私は、整体を生業としている。
この業界に関わって、8年。
気が付いたら、自分の生き方・考え方を表現するには、この仕事がベストなのではないかと思っている。
私にとって仕事とは、「救い」である。
仕事をしていることで、自分を嫌いにならないですむ。
整体に出会うまで、自分の感じていること・考えていることと、実際の自分がマッチしていなかった。
いま、独立開業し、やっと自分にとってのベース(基盤)ができたように思う。
ここで満足するのではなく、ここを足場として、さらなる世界に行ける気がする。
ジャンプする前には、“ため”が必要。
その“ため”のためには、しっかりとした土台がなければならない。
私の生きる土台は、整体である。
現在、私はカイロプラクティックをしているわけではないが、その考え方は好きである。
基本の考えに、カイロとは「科学・芸術・哲学」である、というものがある。
根拠は科学(医学)的に。
手技は芸術(職人)的に。
そのうえで、独自の哲学(人体の解釈の仕方)を持つべきもの、という考え方である。
私も、信念や哲学のない整体に、なんの魅力も感じない。
あまり突拍子もない哲学には、「?」だけれど、何も考えず、ただなんとなく患者さん(クライアント)の体を触っている人よりはマシである。
私は、自然と向き合うこと、現実を見つめる手段として、整体は素晴らしいと思う。
人間にとって、一番身近な自然は「人体」です。
自然とは、コントロール出来ぬもの。
自分の思いとは、関係なく、勝手に変化していくもの。
誰だって年は取りたくないし、病気にだってなりたくはない。
でも、どれだけお金があっても、どれだけ権力があっても、どれだけ人徳があったところで、老化・病気・死を避けることは出来ない。

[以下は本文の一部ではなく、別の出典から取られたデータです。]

lemma free_rows_add_column:
  assumes "T \<in> stair n"
  shows "free_rows (Suc n) (add_column c T) = {i \<in> column_rows n T. c i \<noteq> SB}"
proof -
  note outside = staircase_tableauxD(1)[OF assms]
  have row: "(\<forall>j. add_column c T i j \<noteq> SB) \<longleftrightarrow> c i \<noteq> SB \<and> (\<forall>j. T i j \<noteq> SB)" for i
  proof
    assume h: "\<forall>j. add_column c T i j \<noteq> SB"
    have "T i j \<noteq> SB" for j
    proof (cases "j = 0")
      case True
      then show ?thesis
        using outside[of i 0] by (auto simp: boxes_def)
    next
      case False
      then show ?thesis
        using h[rule_format, of "Suc j"] by (simp add: add_column_def)
    qed
    moreover have "c i \<noteq> SB"
      using h[rule_format, of 1] by (simp add: add_column_def)
    ultimately show "c i \<noteq> SB \<and> (\<forall>j. T i j \<noteq> SB)"
      by blast
  qed (auto simp: add_column_def)
  have "T (Suc n) j \<noteq> SB" for j
    using outside[of "Suc n" j] by (auto simp: boxes_def)
  then show ?thesis
    unfolding free_rows_def column_rows_def row by auto
qed

lemma wt_free_rows_add_column:
  assumes T: "T \<in> stair n" and c: "c \<in> admissible_columns (column_rows n T)"
  shows "wt (Suc n) \<alpha> \<beta> (add_column c T) * x ^ card (free_rows (Suc n) (add_column c T))
           = wt n \<alpha> \<beta> T * (\<Prod>i\<in>column_rows n T. col_entry_weight \<alpha> \<beta> x (c i))"
proof -
  have "column_rows n T \<subseteq> {1..Suc n}"
    by (auto simp: column_rows_def free_rows_def)
  moreover have "\<forall>i\<in>{1..Suc n} - column_rows n T. sym_weight \<alpha> \<beta> (c i) = 1"
    using c by (auto simp: admissible_columns_def sym_weight_def)
  ultimately have "(\<Prod>i\<in>{1..Suc n}. sym_weight \<alpha> \<beta> (c i))
      = (\<Prod>i\<in>column_rows n T. sym_weight \<alpha> \<beta> (c i))"
    by (intro prod.mono_neutral_right) auto
  moreover have "x ^ card (free_rows (Suc n) (add_column c T))
      = (\<Prod>i\<in>column_rows n T. if c i \<noteq> SB then x else 1)"
    unfolding free_rows_add_column[OF T] by (simp add: prod_if_eq_power_card)
  moreover have "(\<Prod>i\<in>column_rows n T. sym_weight \<alpha> \<beta> (c i))
        * (\<Prod>i\<in>column_rows n T. if c i \<noteq> SB then x else 1)
      = (\<Prod>i\<in>column_rows n T. col_entry_weight \<alpha> \<beta> x (c i))"
    unfolding prod.distrib[symmetric]
    by (intro prod.cong refl) (auto simp: sym_weight_def col_entry_weight_def split: sym.split)
  ultimately show ?thesis
    using wt_add_column[OF T] by (simp add: algebra_simps)
qed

思うようにいかないものを、極力排除するのが、現代社会。
夏は涼しく、冬は暖かく。
世界の裏側で取れたものを、当たり前のように食す生活。
危険なものは、何もない街。
すべての危険を管理できると思い込んでいる、おバカな現代人。
私を含め、そんな阿呆な人間には、まず自分の人体について、まじめに考えるのがいい薬だと思う。
思い通りにいかないことが、普通。
そのことは、実際に体験しないとわからない。
私も年齢を重ねるごとに、どうしようもない現実というものが存在することがよくわかった。
悲しいほど、人は醜く年老いていく。
年齢を重ねるごとに、輝く部分もありますが、生命体としては、醜くなっていくもの。
命の輝きで、子供には勝てません。
アンチエイジングなんて現実逃避はやめるべきです。
そんな上っ面の努力では、圧倒的な力を持つ“老化”という現実には太刀打ちできません。

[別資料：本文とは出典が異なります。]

(* Let $L$ be the graph obtained from the line graph $L(K_{5,6})$ of the complete bipartite graph $K_{5,6}$ by adding, for every edge $uv$ of $L(K_{5,6})$, a new vertex adjacent exactly to $u$ and $v$. Let $L\overline{L}$ be the disjoint union of $L$ and its complement $\overline L$. Then $L\overline{L}$ is not $\cup$-equistable, i.e., neither $L\overline{L}$ nor its complement is equistable.
   Context: A graph $G=(V,E)$ is equistable if there is $\varphi:V\to\mathbb R_+$ such that for all $S\subseteq V$, $S$ is a maximal stable set of $G$ iff $\sum_{v\in S}\varphi(v)=1$. A graph is $\cup$-equistable if it or its complement is equistable. *)

theory Defs
  imports Main "HOL.Real"
begin

text \<open>A (simple) graph is given by a vertex set V and a symmetric irreflexive
adjacency relation E (only its restriction to V matters).\<close>

definition stable_set :: "'a set \<Rightarrow> ('a \<Rightarrow> 'a \<Rightarrow> bool) \<Rightarrow> 'a set \<Rightarrow> bool" where
  "stable_set V E S \<longleftrightarrow> S \<subseteq> V \<and> (\<forall>u\<in>S. \<forall>v\<in>S. \<not> E u v)"

definition maximal_stable_set :: "'a set \<Rightarrow> ('a \<Rightarrow> 'a \<Rightarrow> bool) \<Rightarrow> 'a set \<Rightarrow> bool" where
  "maximal_stable_set V E S \<longleftrightarrow>
     stable_set V E S \<and> (\<forall>T. stable_set V E T \<and> S \<subseteq> T \<longrightarrow> T = S)"

definition equistable :: "'a set \<Rightarrow> ('a \<Rightarrow> 'a \<Rightarrow> bool) \<Rightarrow> bool" where
  "equistable V E \<longleftrightarrow>
     (\<exists>\<phi> :: 'a \<Rightarrow> real. (\<forall>v\<in>V. \<phi> v \<ge> 0) \<and>
        (\<forall>S. S \<subseteq> V \<longrightarrow> (maximal_stable_set V E S \<longleftrightarrow> (\<Sum>v\<in>S. \<phi> v) = 1)))"

definition graph_compl :: "('a \<Rightarrow> 'a \<Rightarrow> bool) \<Rightarrow> 'a \<Rightarrow> 'a \<Rightarrow> bool" where
  "graph_compl E = (\<lambda>x y. x \<noteq> y \<and> \<not> E x y)"

definition union_equistable :: "'a set \<Rightarrow> ('a \<Rightarrow> 'a \<Rightarrow> bool) \<Rightarrow> bool" where
  "union_equistable V E \<longleftrightarrow> equistable V E \<or> equistable V (graph_compl E)"

definition du_vertices :: "'a set \<Rightarrow> 'b set \<Rightarrow> ('a + 'b) set" where
  "du_vertices V1 V2 = V1 <+> V2"

fun du_edges :: "('a \<Rightarrow> 'a \<Rightarrow> bool) \<Rightarrow> ('b \<Rightarrow> 'b \<Rightarrow> bool) \<Rightarrow> 'a + 'b \<Rightarrow> 'a + 'b \<Rightarrow> bool" where
  "du_edges E1 E2 (Inl x) (Inl y) = E1 x y"
| "du_edges E1 E2 (Inr x) (Inr y) = E2 x y"
| "du_edges E1 E2 _ _ = False"

text \<open>Line graph of K_{5,6}: vertices are the edges (i,j), i<5, j<6; two are adjacent
iff they are distinct and share an endpoint.\<close>
definition K56_edges :: "(nat \<times> nat) set" where
  "K56_edges = {0..<5} \<times> {0..<6}"

definition lineK56_adj :: "nat \<times> nat \<Rightarrow> nat \<times> nat \<Rightarrow> bool" where
  "lineK56_adj u v \<longleftrightarrow> u \<in> K56_edges \<and> v \<in> K56_edges \<and> u \<noteq> v \<and>
                         (fst u = fst v \<or> snd u = snd v)"

text \<open>The graph L: L(K_{5,6}) plus, for every edge uv of L(K_{5,6}), a new vertex
\<open>New {u,v}\<close> adjacent exactly to u and v.\<close>
datatype Lvert = Orig "nat \<times> nat" | New "(nat \<times> nat) set"

definition L_vertices :: "Lvert set" where
  "L_vertices = Orig ` K56_edges \<union> {New {u, v} | u v. lineK56_adj u v}"

fun L_adj :: "Lvert \<Rightarrow> Lvert \<Rightarrow> bool" where
  "L_adj (Orig u) (Orig v) = lineK56_adj u v"
| "L_adj (New e) (Orig w) = (w \<in> e)"
| "L_adj (Orig w) (New e) = (w \<in> e)"
| "L_adj (New e) (New f) = False"

definition LLbar_vertices :: "(Lvert + Lvert) set" where
  "LLbar_vertices = du_vertices L_vertices L_vertices"

definition LLbar_adj :: "Lvert + Lvert \<Rightarrow> Lvert + Lvert \<Rightarrow> bool" where
  "LLbar_adj = du_edges L_adj (graph_compl L_adj)"

end

theory Submission
  imports Defs
begin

魅力ある人間になるには、まず自分の醜さを受け入れることから、始めるべきもの。
その自分の醜さに絶望してこそ、深みのある美しさが手に入ると思っています。
思い通りにいかない人体をかかえながら、みんな生きているわけです。
それって、それだけでカッコいいこと、価値のあることに思えてなりません。
どう生きるかも、もちろん大切ですが、ただ生きている中にも“美しさ”は存在します。
毎日をたんたんと生きられる体作りのサポートが、私にとっての整体。
過酷なスポーツをしている人に興味はありません。
好きでしているのですから、そのために体がおかしくなっても本望でしょう。
私の“リセット整体”は、そのような方のために存在するのではないのです。
日々、がんばって仕事している人。
有名なんかじゃなくたっていい。
毎日毎日、笑顔で生きようとしている人の役に立ちたい。
体が元気になれば、心だって笑顔であふれてくるもの。
私の求めている“幸せ”は、そこにある。
お金じゃない。
地位でもない。
名声でも、ない。
いつ死んでしまうかわからない毎日を、ただ笑顔で過ごすこと。
これ以上の“幸せ”は、ないのではないか。
そのためには、体が元気でなっくっちゃ、しんどいです。
リセット整体まるたけで、ひとりでも多くの人が“笑顔”多き人生を送れることを願います。
これが、私の整体哲学です。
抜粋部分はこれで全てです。